**EXERCISE GOAL**
Keep only the lines of the material below that contain the word "upper". Copy those lines.
----- DATA UNDER STUDY
(* Let $\mathbf{L}=(L,\le)$ be a finite lattice with more than two elements (least element $0$, greatest element $1$) and let $(R,\vee,\circ)$ be a subsemiring of $(\mathrm{Res}_1(\mathbf{L}),\vee,\circ)$ such that (i) $f_{a,0}\in R$ for every $a\in L\setminus\{1\}$; (ii) for every $f\in R$ there exists $a\in L\setminus\{1\}$ with $f_{a,0}\le f$ (pointwise); (iii) for all $a\in L\setminus\{0,1\}$ and all $b\in L$ there exists $f\in R$ with $f(a)=b$. Then $(R,\vee,\circ)$ is a finite simple additively idempotent semiring whose greatest element is right but not left absorbing. Conversely, every finite simple additively idempotent semiring $(S,+,\cdot)$ with $|S|>2$ whose greatest element is right but not left absorbing is isomorphic to such a semiring $(R,\vee,\circ)$ for some such lattice $\mathbf{L}$.
   Context: A semiring is a nonempty set with a commutative semigroup operation $+$ and a semigroup operation $\cdot$ satisfying both distributive laws. It is simple if its only congruences are the identity and the full relation; additively idempotent if $r+r=r$; then $x\le y:\Leftrightarrow x+y=y$ is a partial order, and for finite semirings the greatest element is the sum of all elements. An element $r$ is right absorbing if $sr=r$ for all $s$, left absorbing if $rs=r$ for all $s$. For a finite lattice $\mathbf{L}$, $\mathrm{Res}_1(\mathbf{L})$ is the set of maps $f:L\to L$ preserving binary joins with $f(0)=0$ and $f(1)=1$, a semiring under pointwise join and composition. For $a,b\in L$, $f_{a,b}:L\to L$ is defined by $f_{a,b}(x)=b$ if $x\le a$ and $f_{a,b}(x)=1$ otherwise. *)

theory Defs
  imports Main "HOL-Library.FuncSet"
begin

definition semiring :: "'a set \<Rightarrow> ('a \<Rightarrow> 'a \<Rightarrow> 'a) \<Rightarrow> ('a \<Rightarrow> 'a \<Rightarrow> 'a) \<Rightarrow> bool" where
  "semiring S add mul \<longleftrightarrow> S \<noteq> {} \<and>
     (\<forall>x\<in>S. \<forall>y\<in>S. add x y \<in> S \<and> mul x y \<in> S) \<and>
     (\<forall>x\<in>S. \<forall>y\<in>S. \<forall>z\<in>S. add (add x y) z = add x (add y z)) \<and>
     (\<forall>x\<in>S. \<forall>y\<in>S. add x y = add y x) \<and>
     (\<forall>x\<in>S. \<forall>y\<in>S. \<forall>z\<in>S. mul (mul x y) z = mul x (mul y z)) \<and>
     (\<forall>x\<in>S. \<forall>y\<in>S. \<forall>z\<in>S. mul x (add y z) = add (mul x y) (mul x z)) \<and>
     (\<forall>x\<in>S. \<forall>y\<in>S. \<forall>z\<in>S. mul (add x y) z = add (mul x z) (mul y z))"

definition semiring_congruence ::
  "'a set \<Rightarrow> ('a \<Rightarrow> 'a \<Rightarrow> 'a) \<Rightarrow> ('a \<Rightarrow> 'a \<Rightarrow> 'a) \<Rightarrow> 'a rel \<Rightarrow> bool" where
  "semiring_congruence S add mul r \<longleftrightarrow> equiv S r \<and>
     (\<forall>x y u v. (x, y) \<in> r \<longrightarrow> (u, v) \<in> r \<longrightarrow>
        (add x u, add y v) \<in> r \<and> (mul x u, mul y v) \<in> r)"

definition simple_semiring :: "'a set \<Rightarrow> ('a \<Rightarrow> 'a \<Rightarrow> 'a) \<Rightarrow> ('a \<Rightarrow> 'a \<Rightarrow> 'a) \<Rightarrow> bool" where
  "simple_semiring S add mul \<longleftrightarrow>
     (\<forall>r. semiring_congruence S add mul r \<longrightarrow> r = Id_on S \<or> r = S \<times> S)"

definition add_idempotent :: "'a set \<Rightarrow> ('a \<Rightarrow> 'a \<Rightarrow> 'a) \<Rightarrow> bool" where
  "add_idempotent S add \<longleftrightarrow> (\<forall>x\<in>S. add x x = x)"

definition greatest_elem :: "'a set \<Rightarrow> ('a \<Rightarrow> 'a \<Rightarrow> 'a) \<Rightarrow> 'a \<Rightarrow> bool" where
  "greatest_elem S add g \<longleftrightarrow> g \<in> S \<and> (\<forall>x\<in>S. add x g = g)"

definition right_absorbing :: "'a set \<Rightarrow> ('a \<Rightarrow> 'a \<Rightarrow> 'a) \<Rightarrow> 'a \<Rightarrow> bool" where
  "right_absorbing S mul r \<longleftrightarrow> (\<forall>s\<in>S. mul s r = r)"

definition left_absorbing :: "'a set \<Rightarrow> ('a \<Rightarrow> 'a \<Rightarrow> 'a) \<Rightarrow> 'a \<Rightarrow> bool" where
  "left_absorbing S mul r \<longleftrightarrow> (\<forall>s\<in>S. mul r s = r)"

definition semiring_iso ::
  "('a \<Rightarrow> 'b) \<Rightarrow> 'a set \<Rightarrow> ('a \<Rightarrow> 'a \<Rightarrow> 'a) \<Rightarrow> ('a \<Rightarrow> 'a \<Rightarrow> 'a)
     \<Rightarrow> 'b set \<Rightarrow> ('b \<Rightarrow> 'b \<Rightarrow> 'b) \<Rightarrow> ('b \<Rightarrow> 'b \<Rightarrow> 'b) \<Rightarrow> bool" where
  "semiring_iso \<phi> S add mul T add' mul' \<longleftrightarrow> bij_betw \<phi> S T \<and>
     (\<forall>x\<in>S. \<forall>y\<in>S. \<phi> (add x y) = add' (\<phi> x) (\<phi> y) \<and> \<phi> (mul x y) = mul' (\<phi> x) (\<phi> y))"

definition is_lub :: "'b set \<Rightarrow> ('b \<Rightarrow> 'b \<Rightarrow> bool) \<Rightarrow> 'b \<Rightarrow> 'b \<Rightarrow> 'b \<Rightarrow> bool" where
  "is_lub L le x y z \<longleftrightarrow> z \<in> L \<and> le x z \<and> le y z \<and> (\<forall>w\<in>L. le x w \<and> le y w \<longrightarrow> le z w)"

definition is_glb :: "'b set \<Rightarrow> ('b \<Rightarrow> 'b \<Rightarrow> bool) \<Rightarrow> 'b \<Rightarrow> 'b \<Rightarrow> 'b \<Rightarrow> bool" where
  "is_glb L le x y z \<longleftrightarrow> z \<in> L \<and> le z x \<and> le z y \<and> (\<forall>w\<in>L. le w x \<and> le w y \<longrightarrow> le w z)"

definition finite_lattice_on :: "'b set \<Rightarrow> ('b \<Rightarrow> 'b \<Rightarrow> bool) \<Rightarrow> bool" where
  "finite_lattice_on L le \<longleftrightarrow> finite L \<and> L \<noteq> {} \<and>
     (\<forall>x\<in>L. le x x) \<and>
     (\<forall>x\<in>L. \<forall>y\<in>L. le x y \<and> le y x \<longrightarrow> x = y) \<and>
     (\<forall>x\<in>L. \<forall>y\<in>L. \<forall>z\<in>L. le x y \<and> le y z \<longrightarrow> le x z) \<and>
     (\<forall>x\<in>L. \<forall>y\<in>L. (\<exists>z. is_lub L le x y z) \<and> (\<exists>z. is_glb L le x y z))"

definition ljoin :: "'b set \<Rightarrow> ('b \<Rightarrow> 'b \<Rightarrow> bool) \<Rightarrow> 'b \<Rightarrow> 'b \<Rightarrow> 'b" where
  "ljoin L le x y = (THE z. is_lub L le x y z)"

definition lbot :: "'b set \<Rightarrow> ('b \<Rightarrow> 'b \<Rightarrow> bool) \<Rightarrow> 'b" where
  "lbot L le = (THE z. z \<in> L \<and> (\<forall>x\<in>L. le z x))"

definition ltop :: "'b set \<Rightarrow> ('b \<Rightarrow> 'b \<Rightarrow> bool) \<Rightarrow> 'b" where
  "ltop L le = (THE z. z \<in> L \<and> (\<forall>x\<in>L. le x z))"

text \<open>Maps L -> L are represented as extensional functions (value undefined off L).\<close>

definition Res1 :: "'b set \<Rightarrow> ('b \<Rightarrow> 'b \<Rightarrow> bool) \<Rightarrow> ('b \<Rightarrow> 'b) set" where
  "Res1 L le = {f \<in> L \<rightarrow>\<^sub>E L.
      (\<forall>x\<in>L. \<forall>y\<in>L. f (ljoin L le x y) = ljoin L le (f x) (f y)) \<and>
      f (lbot L le) = lbot L le \<and> f (ltop L le) = ltop L le}"

definition fjoin :: "'b set \<Rightarrow> ('b \<Rightarrow> 'b \<Rightarrow> bool) \<Rightarrow> ('b \<Rightarrow> 'b) \<Rightarrow> ('b \<Rightarrow> 'b) \<Rightarrow> ('b \<Rightarrow> 'b)" where
  "fjoin L le f g = (\<lambda>x\<in>L. ljoin L le (f x) (g x))"

definition fcomp :: "'b set \<Rightarrow> ('b \<Rightarrow> 'b) \<Rightarrow> ('b \<Rightarrow> 'b) \<Rightarrow> ('b \<Rightarrow> 'b)" where
  "fcomp L f g = compose L f g"

definition subsemiring_Res1 :: "'b set \<Rightarrow> ('b \<Rightarrow> 'b \<Rightarrow> bool) \<Rightarrow> ('b \<Rightarrow> 'b) set \<Rightarrow> bool" where
  "subsemiring_Res1 L le R \<longleftrightarrow> R \<noteq> {} \<and> R \<subseteq> Res1 L le \<and>
     (\<forall>f\<in>R. \<forall>g\<in>R. fjoin L le f g \<in> R \<and> fcomp L f g \<in> R)"

definition fab :: "'b set \<Rightarrow> ('b \<Rightarrow> 'b \<Rightarrow> bool) \<Rightarrow> 'b \<Rightarrow> 'b \<Rightarrow> ('b \<Rightarrow> 'b)" where
  "fab L le a b = (\<lambda>x\<in>L. if le x a then b else ltop L le)"

definition good_pair :: "'b set \<Rightarrow> ('b \<Rightarrow> 'b \<Rightarrow> bool) \<Rightarrow> ('b \<Rightarrow> 'b) set \<Rightarrow> bool" where
  "good_pair L le R \<longleftrightarrow>
     finite_lattice_on L le \<and> card L > 2 \<and> subsemiring_Res1 L le R \<and>
     (\<forall>a\<in>L - {ltop L le}. fab L le a (lbot L le) \<in> R) \<and>
     (\<forall>f\<in>R. \<exists>a\<in>L - {ltop L le}. \<forall>x\<in>L. le (fab L le a (lbot L le) x) (f x)) \<and>
     (\<forall>a\<in>L - {lbot L le, ltop L le}. \<forall>b\<in>L. \<exists>f\<in>R. f a = b)"

end

theory Submission
  imports Defs
begin

text \<open>
  In a subsemiring \<open>R\<close> of \<open>Res\<^sub>1(L)\<close> satisfying (i)--(iii), the map \<open>f\<^sub>0\<^sub>,\<^sub>0\<close> is the greatest
  element; it is absorbing on the right, and not on the left since \<open>f\<^sub>0\<^sub>,\<^sub>0 \<circ> f\<^sub>a\<^sub>,\<^sub>0\<close> vanishes at \<open>a\<close>.
  A nontrivial congruence identifies, after composing with a suitable \<open>f\<^sub>a\<^sub>,\<^sub>0\<close>, a two-valued map that
  is \<open>1\<close> at some \<open>x\<close> with a map that is \<open>0\<close> at \<open>x\<close>. Composing with maps from (iii) and joining, every
  \<open>f\<^sub>w\<^sub>,\<^sub>0\<close> is then identified with some \<open>f\<^sub>w\<^sub>'\<^sub>,\<^sub>0\<close>, \<open>w' < w\<close>, hence with \<open>f\<^sub>0\<^sub>,\<^sub>0\<close>; by (ii) so is every
  element of \<open>R\<close>, and the congruence is total.

  Conversely, let \<open>A\<close> be the set of right absorbing elements of \<open>S\<close> ordered by \<open>x \<le> y \<longleftrightarrow> x + y = y\<close>,
  with a new least element adjoined. Right multiplication by \<open>s\<close> is join preserving on it, and its upper
  adjoint, read in the dual lattice \<open>L\<close>, lies in \<open>Res\<^sub>1(L)\<close>; the upper adjoint of an absorbing element
  \<open>h\<close> is \<open>f\<^sub>h\<^sub>,\<^sub>0\<close>. This is a homomorphism \<open>S \<rightarrow> Res\<^sub>1(L)\<close>, and simplicity, applied to suitable kernel
  and Rees congruences, makes it injective and yields conditions (ii) and (iii).
\<close>

lemma finite_join_closed_has_greatest:
  assumes "finite D" "D \<noteq> {}"
    and refl: "\<And>x. x \<in> D \<Longrightarrow> le x x"
    and join: "\<And>x y. x \<in> D \<Longrightarrow> y \<in> D \<Longrightarrow> jn x y \<in> D \<and> le x (jn x y) \<and> le y (jn x y)"
    and trans: "\<And>x y z. x \<in> D \<Longrightarrow> y \<in> D \<Longrightarrow> z \<in> D \<Longrightarrow> le x y \<Longrightarrow> le y z \<Longrightarrow> le x z"
  shows "\<exists>m\<in>D. \<forall>z\<in>D. le z m"
proof -
  have "F \<subseteq> D \<Longrightarrow> \<exists>m\<in>D. \<forall>z\<in>F. le z m" if "finite F" "F \<noteq> {}" for F
    using that
  proof (induction F rule: finite_ne_induct)
    case (singleton x)
    then show ?case using refl by auto
  next
    case (insert x F)
    then obtain m where m: "m \<in> D" "\<forall>z\<in>F. le z m" by auto
    have x: "x \<in> D" using insert.prems by simp
    with m join[OF x m(1)] show ?case by (metis insert_iff trans insert.prems subsetD)
  qed
  then show ?thesis using assms(1,2) by blast
qed

section \<open>Congruences of semirings\<close>

lemma semiring_congruence_subset: "semiring_congruence S add mul r \<Longrightarrow> r \<subseteq> S \<times> S"
  unfolding semiring_congruence_def by (blast dest: equiv_type)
----------
**COMPLETED TASK**
  with a new least element adjoined. Right multiplication by \<open>s\<close> is join preserving on it, and its upper
  adjoint, read in the dual lattice \<open>L\<close>, lies in \<open>Res\<^sub>1(L)\<close>; the upper adjoint of an absorbing element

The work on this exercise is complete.